Marijuana advocates are facing a new challenge ahead: The U.S. Appeals Court this week refused to order a change in the Drug Enforcement Administration’s drug classification schedule.
Thus, it remains a Schedule I Drug.
Following the approval of voters in Colorado and Washington to approve recreational marijuana use and new court action by the marijuana advocacy group Americans for Safe Access to re-examine marijuana’s drug classification, the federal judiciary was asked to determine that the drug has clear benefits as a pain medication.
The DEA countered: "To establish accepted medical use, the effectiveness of a drug must be established in well-controlled, well-designed, well-conducted and well-documented scientific studies [with] a large number of patients. To date, such studies have not been performed."
The court results are being celebrated by Community Anti-Drug Coalitions of America, or CADCA, whose Chairman and CEO General Arthur T. Dean, said, “Stances like [that of the advocacy group] give our coalitions a ‘call to arms.’ Don’t think what happened in Colorado and Washington is an excuse to give up. The power of coalitions has made a difference in their communities with other drugs and alcohol. We know that they will continue to push back against marijuana to keep their communities safe, healthy and drug-free.”
The DEA argument against declassification was quoted in the court’s decision. Judge Harry Edwards, in penning the District of Columbia’s Court of Appeals opinion, said that although "marijuana could have some medical benefits," the court was not willing to overrule the DEA. That is because “well-controlled studies do not exist that proved the medical value of marijuana.”
The DEA Federal Register remarks underscore the conclusion that marijuana should remain a Schedule I Drug due to the following attributes:
(1) Marijuana has a high potential for abuse.
(2) Marijuana has no currently accepted medical use in treatment in the United States.
(3) Marijuana lacks accepted safety for use under medical supervision.
While the court was hashing this out, disturbing new facts emerged about their focal substance, marijuana.
In late January, Battle Creek’s open-ended A Forever Recovery Rehab Facility released feedback from new research correlating lowered IQ’s in adults with prior marijuana use during adolescence.
AFR accepts clients for drug and alcohol rehabilitation from varied backgrounds and attests that drug addiction knows no socio-economic factors alone.
The contention that marijuana use and addiction impacts cognitive abilities and impedes mental processing crosses all socio-economic backgrounds. AFR maintains that the drug’s recreational use early in life leads to additional addictions as well as carries its own unique dangers.
"Despite pro-cannabis movements, marijuana access today is too easy and not researched thoroughly enough,” said AFR. “For example, society has not developed any quick, affordable and extensive testing for random use, such as through studies on driving while intoxicated."
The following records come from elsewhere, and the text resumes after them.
(* Let $R$ be a schematic semi-graded ring and $J$ a compatible semi-graded ideal of $R$. If $E$ is an LSG $R$-module that is $T$-closed in $\mathsf{LSG}\text{-}R$, then $f^!(E)$ (the largest SG $R$-submodule of $E$ annihilated by $J$, viewed as an $R/J$-module) is an LSG $R/J$-module that is $T$-closed in $\mathsf{LSG}\text{-}R/J$.
   Context: Rings are associative with $1$; modules are left modules. A ring $R$ is semi-graded (SG) if there are additive subgroups $R_n$ ($n\in\mathbb{Z}$) with $R=\bigoplus_n R_n$, $R_mR_n\subseteq\bigoplus_{k\le m+n}R_k$, and $1\in R_0$; positively SG if $R_n=0$ for $n<0$. An $R$-module $M$ is SG if $M=\bigoplus_nM_n$ with $R_mM_n\subseteq\bigoplus_{k\le m+n}M_k$ for $m\ge0$; homomorphisms are homogeneous if they preserve degrees; SG submodules are submodules $N$ with $N=\bigoplus(N\cap M_n)$. An SG ideal $J$ is a two-sided ideal that is an SG submodule of $R$; $R/J$ is SG with $(R/J)_n=(R_n+J)/J$. $f^!(E)$ is an SG $R/J$-module via $\overline r m=rm$, with $f^!(E)_n=f^!(E)\cap E_n$. Let $R'_n=\{r\in R_n: rh\in R_{n+m}\ \forall m,\forall h\in R_m\}$, $R''_n=\{r\in R'_n: hr\in R_{n+m}\ \forall m,\forall h\in R_m\}$, $R'=\bigcup R'_n$, $R''=\bigcup R''_n$, similarly for $R/J$. $M$ is LSG if $R'_nM_m\subseteq M_{n+m}$; $\mathsf{LSG}\text{-}R$ is the category of LSG modules with homogeneous homomorphisms. $J$ is compatible if the image of $R'$ in $R/J$ is $(R/J)'$. A left Ore set $S$ is good if $S\subseteq R''$ and for $s\in S,r\in R'$ there are $u\in R'$, $v\in S$ with $us=vr$. $R_{\ge t}$ is the intersection of all SG ideals containing $\bigoplus_{k\ge t}R_k$ (likewise $(R/J)_{\ge t}$). $m\in M$ is torsion if $(R_{\ge t})^nm=0$ for some $n,t\ge0$; $M$ is torsion if all its elements are. $R$ is schematic if it is positively SG, left Noetherian, and there is a finite set $I$ of good left Ore sets $S$ with $S\cap\bigoplus_{k\ge1}R_k\ne\emptyset$ such that for each $(x_S)\in\prod_{S\in I}S$ there are $t,m$ with $(R_{\ge t})^m\subseteq\sum_SRx_S$. An object $E$ of $\mathsf{LSG}\text{-}R$ is $T$-closed if for every object $M$, every SG submodule $N$ with $M/N$ torsion, every morphism $N\to E$ extends uniquely to a morphism $M\to E$ (equivalently $E$ is torsion-free and has the extension property); the same definition applies over $R/J$ with $(R/J)_{\ge t}$. *)

theory Defs
  imports "HOL-Algebra.Module" "HOL-Algebra.QuotRing" "HOL-Algebra.Ideal_Product"
begin

definition gsub :: "('a, 'b) ring_scheme \<Rightarrow> (int \<Rightarrow> 'a set) \<Rightarrow> int set \<Rightarrow> 'a set" where
  "gsub G g A = {finsum G c S | c S. finite S \<and> S \<subseteq> A \<and> (\<forall>k\<in>S. c k \<in> g k)}"

definition graded_sum :: "('a, 'b) ring_scheme \<Rightarrow> (int \<Rightarrow> 'a set) \<Rightarrow> bool" where
  "graded_sum G g \<longleftrightarrow>
     (\<forall>n. additive_subgroup (g n) G) \<and>
     (\<forall>x\<in>carrier G. \<exists>!c. (\<forall>n. c n \<in> g n) \<and> finite {n. c n \<noteq> \<zero>\<^bsub>G\<^esub>} \<and>
                          x = finsum G c {n. c n \<noteq> \<zero>\<^bsub>G\<^esub>})"

definition SG_ring :: "('a, 'b) ring_scheme \<Rightarrow> (int \<Rightarrow> 'a set) \<Rightarrow> bool" where
  "SG_ring R g \<longleftrightarrow> ring R \<and> graded_sum R g \<and>
     (\<forall>m n. \<forall>x\<in>g m. \<forall>y\<in>g n. x \<otimes>\<^bsub>R\<^esub> y \<in> gsub R g {..m+n}) \<and> \<one>\<^bsub>R\<^esub> \<in> g 0"

definition pos_SG_ring :: "('a, 'b) ring_scheme \<Rightarrow> (int \<Rightarrow> 'a set) \<Rightarrow> bool" where
  "pos_SG_ring R g \<longleftrightarrow> SG_ring R g \<and> (\<forall>n<0. g n = {\<zero>\<^bsub>R\<^esub>})"

definition Rp_n :: "('a, 'b) ring_scheme \<Rightarrow> (int \<Rightarrow> 'a set) \<Rightarrow> int \<Rightarrow> 'a set" where
  "Rp_n R g n = {r \<in> g n. \<forall>m. \<forall>h\<in>g m. r \<otimes>\<^bsub>R\<^esub> h \<in> g (n + m)}"

definition Rpp_n :: "('a, 'b) ring_scheme \<Rightarrow> (int \<Rightarrow> 'a set) \<Rightarrow> int \<Rightarrow> 'a set" where
  "Rpp_n R g n = {r \<in> Rp_n R g n. \<forall>m. \<forall>h\<in>g m. h \<otimes>\<^bsub>R\<^esub> r \<in> g (n + m)}"

definition Rp :: "('a, 'b) ring_scheme \<Rightarrow> (int \<Rightarrow> 'a set) \<Rightarrow> 'a set" where
  "Rp R g = (\<Union>n. Rp_n R g n)"

definition Rpp :: "('a, 'b) ring_scheme \<Rightarrow> (int \<Rightarrow> 'a set) \<Rightarrow> 'a set" where
  "Rpp R g = (\<Union>n. Rpp_n R g n)"

definition SG_ideal :: "('a, 'b) ring_scheme \<Rightarrow> (int \<Rightarrow> 'a set) \<Rightarrow> 'a set \<Rightarrow> bool" where
  "SG_ideal R g J \<longleftrightarrow> ideal J R \<and> J = gsub R (\<lambda>n. J \<inter> g n) UNIV"

definition R_ge :: "('a, 'b) ring_scheme \<Rightarrow> (int \<Rightarrow> 'a set) \<Rightarrow> int \<Rightarrow> 'a set" where
  "R_ge R g t = \<Inter>{J. SG_ideal R g J \<and> gsub R g {t..} \<subseteq> J}"

primrec ideal_pow :: "('a, 'b) ring_scheme \<Rightarrow> 'a set \<Rightarrow> nat \<Rightarrow> 'a set" where
  "ideal_pow R I 0 = carrier R"
| "ideal_pow R I (Suc n) = ideal_prod R I (ideal_pow R I n)"

definition quot_grading :: "('a, 'b) ring_scheme \<Rightarrow> (int \<Rightarrow> 'a set) \<Rightarrow> 'a set \<Rightarrow> int \<Rightarrow> 'a set set" where
  "quot_grading R g J n = {J +>\<^bsub>R\<^esub> r | r. r \<in> g n}"

definition compatible_ideal :: "('a, 'b) ring_scheme \<Rightarrow> (int \<Rightarrow> 'a set) \<Rightarrow> 'a set \<Rightarrow> bool" where
  "compatible_ideal R g J \<longleftrightarrow>
     {J +>\<^bsub>R\<^esub> r | r. r \<in> Rp R g} = Rp (R Quot J) (quot_grading R g J)"

definition left_ideal :: "('a, 'b) ring_scheme \<Rightarrow> 'a set \<Rightarrow> bool" where
  "left_ideal R L \<longleftrightarrow> additive_subgroup L R \<and>
     (\<forall>r\<in>carrier R. \<forall>x\<in>L. r \<otimes>\<^bsub>R\<^esub> x \<in> L)"

definition left_noetherian :: "('a, 'b) ring_scheme \<Rightarrow> bool" where
  "left_noetherian R \<longleftrightarrow>
     (\<forall>L :: nat \<Rightarrow> 'a set. (\<forall>n. left_ideal R (L n)) \<and> mono L \<longrightarrow>
        (\<exists>n. \<forall>m\<ge>n. L m = L n))"

definition left_ore_set :: "('a, 'b) ring_scheme \<Rightarrow> 'a set \<Rightarrow> bool" where
  "left_ore_set R S \<longleftrightarrow> S \<subseteq> carrier R \<and> \<one>\<^bsub>R\<^esub> \<in> S \<and>
     (\<forall>s\<in>S. \<forall>s'\<in>S. s \<otimes>\<^bsub>R\<^esub> s' \<in> S) \<and>
     (\<forall>s\<in>S. \<forall>r\<in>carrier R. \<exists>s'\<in>S. \<exists>r'\<in>carrier R. s' \<otimes>\<^bsub>R\<^esub> r = r' \<otimes>\<^bsub>R\<^esub> s)"

definition good_ore_set :: "('a, 'b) ring_scheme \<Rightarrow> (int \<Rightarrow> 'a set) \<Rightarrow> 'a set \<Rightarrow> bool" where
  "good_ore_set R g S \<longleftrightarrow> left_ore_set R S \<and> S \<subseteq> Rpp R g \<and>
     (\<forall>s\<in>S. \<forall>r\<in>Rp R g. \<exists>u\<in>Rp R g. \<exists>v\<in>S. u \<otimes>\<^bsub>R\<^esub> s = v \<otimes>\<^bsub>R\<^esub> r)"

definition left_span :: "('a, 'b) ring_scheme \<Rightarrow> 'c set \<Rightarrow> ('c \<Rightarrow> 'a) \<Rightarrow> 'a set" where
  "left_span R I x = {finsum R (\<lambda>S. r S \<otimes>\<^bsub>R\<^esub> x S) I | r. r \<in> I \<rightarrow> carrier R}"

definition schematic :: "('a, 'b) ring_scheme \<Rightarrow> (int \<Rightarrow> 'a set) \<Rightarrow> bool" where
  "schematic R g \<longleftrightarrow> pos_SG_ring R g \<and> left_noetherian R \<and>
     (\<exists>I :: 'a set set. finite I \<and> (\<forall>S\<in>I. good_ore_set R g S) \<and>
        (\<forall>S\<in>I. S \<inter> gsub R g {1..} \<noteq> {}) \<and>
        (\<forall>x. (\<forall>S\<in>I. x S \<in> S) \<longrightarrow>
           (\<exists>t m. ideal_pow R (R_ge R g t) m \<subseteq> left_span R I x)))"

definition lmodule :: "('a, 'b) ring_scheme \<Rightarrow> ('a, 'm) module \<Rightarrow> bool" where
  "lmodule R M \<longleftrightarrow> ring R \<and> abelian_group M \<and>
     (\<forall>a\<in>carrier R. \<forall>x\<in>carrier M. a \<odot>\<^bsub>M\<^esub> x \<in> carrier M) \<and>
     (\<forall>a\<in>carrier R. \<forall>b\<in>carrier R. \<forall>x\<in>carrier M.
        (a \<oplus>\<^bsub>R\<^esub> b) \<odot>\<^bsub>M\<^esub> x = a \<odot>\<^bsub>M\<^esub> x \<oplus>\<^bsub>M\<^esub> b \<odot>\<^bsub>M\<^esub> x) \<and>
     (\<forall>a\<in>carrier R. \<forall>x\<in>carrier M. \<forall>y\<in>carrier M.
        a \<odot>\<^bsub>M\<^esub> (x \<oplus>\<^bsub>M\<^esub> y) = a \<odot>\<^bsub>M\<^esub> x \<oplus>\<^bsub>M\<^esub> a \<odot>\<^bsub>M\<^esub> y) \<and>
     (\<forall>a\<in>carrier R. \<forall>b\<in>carrier R. \<forall>x\<in>carrier M.
        (a \<otimes>\<^bsub>R\<^esub> b) \<odot>\<^bsub>M\<^esub> x = a \<odot>\<^bsub>M\<^esub> (b \<odot>\<^bsub>M\<^esub> x)) \<and>
     (\<forall>x\<in>carrier M. \<one>\<^bsub>R\<^esub> \<odot>\<^bsub>M\<^esub> x = x)"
AFR research study was outlined in TIME magazine, with findings published in the Proceedings of the National Academy of Sciences. That information detailed “people who began cannabis use before turning 18 and continued to use heavily into adulthood and lost an average of eight IQ points during that period.”
In addressing some skeptics of the original report, study researchers claim to have restricted analysis by only including young marijuana users from middle-class families, “thereby suggesting that the decline in IQ cannot be attributed to socio-economic factors alone.”
“Most drug addicts tend to be inherently smart people whose drug use stems from boredom, using dope and 'hanging out' with dopers,” says the facility, which uses innovative techniques in its treatment. “We believe that using any illicit drugs will stunt emotional development, but being clean and sober will allow it to rapidly come back."
Drug tool kits will soon be available as part of the Mobilizing Michigan effort to better determine the overall effects on marijuana users.
“By March, we plan to offer kits to help schools, parents and communities determine the short-term and long-term effects and the overall cost to communities for marijuana use,” said CARE Community Organizer for Macomb County Mark Kilgore. “People assume if substances are legalized, such as alcohol, that no further problems exist for society. But, the truth is, the cost of policing such uses is far greater than whatever benefit, including the fraction of the taxes it brings in, comes from legalizing it.”
Such costs are instead passed along to taxpayers and continue to mount for alcohol-related issues alone. Decriminalizing marijuana promises to add considerably to that burden, says Kilgore.
In the months to come, Americans for Safe Access hopes to take its case to the Supreme Court, asking that the government rescind federal law that makes possession of marijuana a crime at the federal level, but legal for recreational use in Washington and Colorado.